Dataset entries:

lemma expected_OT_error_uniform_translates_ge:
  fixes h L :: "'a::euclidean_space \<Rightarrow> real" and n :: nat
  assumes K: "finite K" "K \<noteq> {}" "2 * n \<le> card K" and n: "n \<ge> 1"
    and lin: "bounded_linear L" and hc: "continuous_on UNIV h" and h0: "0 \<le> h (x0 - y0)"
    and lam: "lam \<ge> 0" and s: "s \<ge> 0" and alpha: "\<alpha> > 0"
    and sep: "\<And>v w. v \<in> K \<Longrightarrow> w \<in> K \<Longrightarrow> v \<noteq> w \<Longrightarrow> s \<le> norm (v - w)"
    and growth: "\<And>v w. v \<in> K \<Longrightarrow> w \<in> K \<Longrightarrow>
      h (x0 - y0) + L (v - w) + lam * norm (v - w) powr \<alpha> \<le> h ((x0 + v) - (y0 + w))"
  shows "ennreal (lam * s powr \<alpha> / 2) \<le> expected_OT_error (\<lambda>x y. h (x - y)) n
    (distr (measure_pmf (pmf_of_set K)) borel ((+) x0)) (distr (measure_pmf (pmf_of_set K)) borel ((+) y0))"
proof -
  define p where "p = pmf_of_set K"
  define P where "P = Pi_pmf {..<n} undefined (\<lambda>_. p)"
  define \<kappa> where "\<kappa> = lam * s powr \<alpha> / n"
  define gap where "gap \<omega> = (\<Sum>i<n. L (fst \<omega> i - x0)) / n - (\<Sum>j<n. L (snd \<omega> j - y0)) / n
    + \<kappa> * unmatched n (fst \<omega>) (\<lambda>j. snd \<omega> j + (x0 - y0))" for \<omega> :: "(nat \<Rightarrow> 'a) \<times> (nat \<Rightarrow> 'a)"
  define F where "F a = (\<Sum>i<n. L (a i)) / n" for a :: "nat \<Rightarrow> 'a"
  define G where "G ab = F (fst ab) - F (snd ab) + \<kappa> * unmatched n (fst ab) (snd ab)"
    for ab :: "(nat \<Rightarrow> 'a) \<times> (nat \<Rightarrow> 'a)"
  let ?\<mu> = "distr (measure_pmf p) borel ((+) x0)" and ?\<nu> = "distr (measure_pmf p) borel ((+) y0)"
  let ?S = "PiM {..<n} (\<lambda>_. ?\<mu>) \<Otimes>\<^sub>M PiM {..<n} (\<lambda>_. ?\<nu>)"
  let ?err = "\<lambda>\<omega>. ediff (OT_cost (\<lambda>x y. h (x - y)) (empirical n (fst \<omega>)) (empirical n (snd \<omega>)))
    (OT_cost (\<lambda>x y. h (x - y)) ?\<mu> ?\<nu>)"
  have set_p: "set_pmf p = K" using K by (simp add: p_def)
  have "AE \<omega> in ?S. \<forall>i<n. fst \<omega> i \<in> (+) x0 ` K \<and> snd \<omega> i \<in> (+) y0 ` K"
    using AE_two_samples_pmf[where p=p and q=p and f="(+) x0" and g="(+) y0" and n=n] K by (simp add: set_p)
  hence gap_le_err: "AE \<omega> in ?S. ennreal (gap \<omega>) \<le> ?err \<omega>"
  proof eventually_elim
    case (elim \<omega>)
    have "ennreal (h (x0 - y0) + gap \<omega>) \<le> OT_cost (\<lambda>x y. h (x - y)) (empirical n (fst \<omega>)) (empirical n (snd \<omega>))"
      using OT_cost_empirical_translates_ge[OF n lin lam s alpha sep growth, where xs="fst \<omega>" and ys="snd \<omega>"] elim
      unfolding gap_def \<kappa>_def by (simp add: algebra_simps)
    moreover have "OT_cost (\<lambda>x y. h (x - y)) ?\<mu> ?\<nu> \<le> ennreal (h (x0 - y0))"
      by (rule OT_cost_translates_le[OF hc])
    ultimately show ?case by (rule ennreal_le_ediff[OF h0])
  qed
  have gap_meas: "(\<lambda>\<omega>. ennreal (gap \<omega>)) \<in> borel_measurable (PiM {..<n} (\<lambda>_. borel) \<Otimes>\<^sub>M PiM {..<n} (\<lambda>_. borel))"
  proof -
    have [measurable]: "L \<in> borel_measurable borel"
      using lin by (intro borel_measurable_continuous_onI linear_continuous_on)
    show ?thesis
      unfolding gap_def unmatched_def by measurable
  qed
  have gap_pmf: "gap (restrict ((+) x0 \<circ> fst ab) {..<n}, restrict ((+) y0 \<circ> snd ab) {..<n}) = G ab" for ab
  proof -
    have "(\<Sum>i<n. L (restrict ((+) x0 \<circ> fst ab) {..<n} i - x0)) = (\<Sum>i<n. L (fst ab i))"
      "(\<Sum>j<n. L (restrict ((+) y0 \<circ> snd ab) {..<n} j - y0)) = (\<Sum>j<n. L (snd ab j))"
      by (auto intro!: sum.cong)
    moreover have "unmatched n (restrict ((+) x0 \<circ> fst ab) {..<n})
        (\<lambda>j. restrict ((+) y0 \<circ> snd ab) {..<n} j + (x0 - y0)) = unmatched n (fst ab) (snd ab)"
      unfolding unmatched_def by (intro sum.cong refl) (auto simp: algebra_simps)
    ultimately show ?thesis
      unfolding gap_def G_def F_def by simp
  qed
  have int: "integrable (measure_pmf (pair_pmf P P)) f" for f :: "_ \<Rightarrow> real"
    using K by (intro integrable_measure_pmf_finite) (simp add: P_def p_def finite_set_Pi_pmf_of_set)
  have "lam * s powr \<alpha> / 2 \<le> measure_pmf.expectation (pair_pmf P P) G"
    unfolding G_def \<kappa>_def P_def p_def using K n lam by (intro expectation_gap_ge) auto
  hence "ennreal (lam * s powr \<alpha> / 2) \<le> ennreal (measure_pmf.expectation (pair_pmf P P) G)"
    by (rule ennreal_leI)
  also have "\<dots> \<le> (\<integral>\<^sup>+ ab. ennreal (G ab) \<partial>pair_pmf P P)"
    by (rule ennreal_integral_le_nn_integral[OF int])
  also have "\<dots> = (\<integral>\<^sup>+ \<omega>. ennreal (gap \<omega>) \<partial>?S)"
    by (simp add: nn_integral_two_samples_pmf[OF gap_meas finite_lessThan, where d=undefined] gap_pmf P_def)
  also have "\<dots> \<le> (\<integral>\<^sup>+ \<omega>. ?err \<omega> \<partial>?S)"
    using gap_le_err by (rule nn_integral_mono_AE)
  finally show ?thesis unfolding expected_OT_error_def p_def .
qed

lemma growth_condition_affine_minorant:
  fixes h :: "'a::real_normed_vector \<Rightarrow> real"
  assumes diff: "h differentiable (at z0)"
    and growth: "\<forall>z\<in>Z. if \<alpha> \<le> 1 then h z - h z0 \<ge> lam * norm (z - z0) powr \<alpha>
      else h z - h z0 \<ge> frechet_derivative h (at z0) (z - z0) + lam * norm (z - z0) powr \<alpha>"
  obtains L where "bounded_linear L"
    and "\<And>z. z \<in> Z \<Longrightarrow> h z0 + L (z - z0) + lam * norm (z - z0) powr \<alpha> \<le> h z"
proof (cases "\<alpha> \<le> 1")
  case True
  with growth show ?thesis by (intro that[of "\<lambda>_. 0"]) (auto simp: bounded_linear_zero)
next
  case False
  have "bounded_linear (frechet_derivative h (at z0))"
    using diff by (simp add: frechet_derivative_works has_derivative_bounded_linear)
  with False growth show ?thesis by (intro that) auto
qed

## The task
Restate the records above word for word, omitting nothing.

## Exercise output
lemma expected_OT_error_uniform_translates_ge:
  fixes h L :: "'a::euclidean_space \<Rightarrow> real" and n :: nat
  assumes K: "finite K" "K \<noteq> {}" "2 * n \<le> card K" and n: "n \<ge> 1"
    and lin: "bounded_linear L" and hc: "continuous_on UNIV h" and h0: "0 \<le> h (x0 - y0)"
    and lam: "lam \<ge> 0" and s: "s \<ge> 0" and alpha: "\<alpha> > 0"
    and sep: "\<And>v w. v \<in> K \<Longrightarrow> w \<in> K \<Longrightarrow> v \<noteq> w \<Longrightarrow> s \<le> norm (v - w)"
    and growth: "\<And>v w. v \<in> K \<Longrightarrow> w \<in> K \<Longrightarrow>
      h (x0 - y0) + L (v - w) + lam * norm (v - w) powr \<alpha> \<le> h ((x0 + v) - (y0 + w))"
  shows "ennreal (lam * s powr \<alpha> / 2) \<le> expected_OT_error (\<lambda>x y. h (x - y)) n
    (distr (measure_pmf (pmf_of_set K)) borel ((+) x0)) (distr (measure_pmf (pmf_of_set K)) borel ((+) y0))"
proof -
  define p where "p = pmf_of_set K"
  define P where "P = Pi_pmf {..<n} undefined (\<lambda>_. p)"
  define \<kappa> where "\<kappa> = lam * s powr \<alpha> / n"
  define gap where "gap \<omega> = (\<Sum>i<n. L (fst \<omega> i - x0)) / n - (\<Sum>j<n. L (snd \<omega> j - y0)) / n
    + \<kappa> * unmatched n (fst \<omega>) (\<lambda>j. snd \<omega> j + (x0 - y0))" for \<omega> :: "(nat \<Rightarrow> 'a) \<times> (nat \<Rightarrow> 'a)"
  define F where "F a = (\<Sum>i<n. L (a i)) / n" for a :: "nat \<Rightarrow> 'a"
  define G where "G ab = F (fst ab) - F (snd ab) + \<kappa> * unmatched n (fst ab) (snd ab)"
    for ab :: "(nat \<Rightarrow> 'a) \<times> (nat \<Rightarrow> 'a)"
  let ?\<mu> = "distr (measure_pmf p) borel ((+) x0)" and ?\<nu> = "distr (measure_pmf p) borel ((+) y0)"
  let ?S = "PiM {..<n} (\<lambda>_. ?\<mu>) \<Otimes>\<^sub>M PiM {..<n} (\<lambda>_. ?\<nu>)"
  let ?err = "\<lambda>\<omega>. ediff (OT_cost (\<lambda>x y. h (x - y)) (empirical n (fst \<omega>)) (empirical n (snd \<omega>)))
    (OT_cost (\<lambda>x y. h (x - y)) ?\<mu> ?\<nu>)"
  have set_p: "set_pmf p = K" using K by (simp add: p_def)
  have "AE \<omega> in ?S. \<forall>i<n. fst \<omega> i \<in> (+) x0 ` K \<and> snd \<omega> i \<in> (+) y0 ` K"
    using AE_two_samples_pmf[where p=p and q=p and f="(+) x0" and g="(+) y0" and n=n] K by (simp add: set_p)
  hence gap_le_err: "AE \<omega> in ?S. ennreal (gap \<omega>) \<le> ?err \<omega>"
  proof eventually_elim
    case (elim \<omega>)
    have "ennreal (h (x0 - y0) + gap \<omega>) \<le> OT_cost (\<lambda>x y. h (x - y)) (empirical n (fst \<omega>)) (empirical n (snd \<omega>))"
      using OT_cost_empirical_translates_ge[OF n lin lam s alpha sep growth, where xs="fst \<omega>" and ys="snd \<omega>"] elim
      unfolding gap_def \<kappa>_def by (simp add: algebra_simps)
    moreover have "OT_cost (\<lambda>x y. h (x - y)) ?\<mu> ?\<nu> \<le> ennreal (h (x0 - y0))"
      by (rule OT_cost_translates_le[OF hc])
    ultimately show ?case by (rule ennreal_le_ediff[OF h0])
  qed
  have gap_meas: "(\<lambda>\<omega>. ennreal (gap \<omega>)) \<in> borel_measurable (PiM {..<n} (\<lambda>_. borel) \<Otimes>\<^sub>M PiM {..<n} (\<lambda>_. borel))"
  proof -
    have [measurable]: "L \<in> borel_measurable borel"
      using lin by (intro borel_measurable_continuous_onI linear_continuous_on)
    show ?thesis
      unfolding gap_def unmatched_def by measurable
  qed
  have gap_pmf: "gap (restrict ((+) x0 \<circ> fst ab) {..<n}, restrict ((+) y0 \<circ> snd ab) {..<n}) = G ab" for ab
  proof -
    have "(\<Sum>i<n. L (restrict ((+) x0 \<circ> fst ab) {..<n} i - x0)) = (\<Sum>i<n. L (fst ab i))"
      "(\<Sum>j<n. L (restrict ((+) y0 \<circ> snd ab) {..<n} j - y0)) = (\<Sum>j<n. L (snd ab j))"
      by (auto intro!: sum.cong)
    moreover have "unmatched n (restrict ((+) x0 \<circ> fst ab) {..<n})
        (\<lambda>j. restrict ((+) y0 \<circ> snd ab) {..<n} j + (x0 - y0)) = unmatched n (fst ab) (snd ab)"
      unfolding unmatched_def by (intro sum.cong refl) (auto simp: algebra_simps)
    ultimately show ?thesis
      unfolding gap_def G_def F_def by simp
  qed
  have int: "integrable (measure_pmf (pair_pmf P P)) f" for f :: "_ \<Rightarrow> real"
    using K by (intro integrable_measure_pmf_finite) (simp add: P_def p_def finite_set_Pi_pmf_of_set)
  have "lam * s powr \<alpha> / 2 \<le> measure_pmf.expectation (pair_pmf P P) G"
    unfolding G_def \<kappa>_def P_def p_def using K n lam by (intro expectation_gap_ge) auto
  hence "ennreal (lam * s powr \<alpha> / 2) \<le> ennreal (measure_pmf.expectation (pair_pmf P P) G)"
    by (rule ennreal_leI)
  also have "\<dots> \<le> (\<integral>\<^sup>+ ab. ennreal (G ab) \<partial>pair_pmf P P)"
    by (rule ennreal_integral_le_nn_integral[OF int])
  also have "\<dots> = (\<integral>\<^sup>+ \<omega>. ennreal (gap \<omega>) \<partial>?S)"
    by (simp add: nn_integral_two_samples_pmf[OF gap_meas finite_lessThan, where d=undefined] gap_pmf P_def)
  also have "\<dots> \<le> (\<integral>\<^sup>+ \<omega>. ?err \<omega> \<partial>?S)"
    using gap_le_err by (rule nn_integral_mono_AE)
  finally show ?thesis unfolding expected_OT_error_def p_def .
qed

lemma growth_condition_affine_minorant:
  fixes h :: "'a::real_normed_vector \<Rightarrow> real"
  assumes diff: "h differentiable (at z0)"
    and growth: "\<forall>z\<in>Z. if \<alpha> \<le> 1 then h z - h z0 \<ge> lam * norm (z - z0) powr \<alpha>
      else h z - h z0 \<ge> frechet_derivative h (at z0) (z - z0) + lam * norm (z - z0) powr \<alpha>"
  obtains L where "bounded_linear L"
    and "\<And>z. z \<in> Z \<Longrightarrow> h z0 + L (z - z0) + lam * norm (z - z0) powr \<alpha> \<le> h z"
proof (cases "\<alpha> \<le> 1")
  case True
  with growth show ?thesis by (intro that[of "\<lambda>_. 0"]) (auto simp: bounded_linear_zero)
next
  case False
  have "bounded_linear (frechet_derivative h (at z0))"
    using diff by (simp add: frechet_derivative_works has_derivative_bounded_linear)
  with False growth show ?thesis by (intro that) auto
qed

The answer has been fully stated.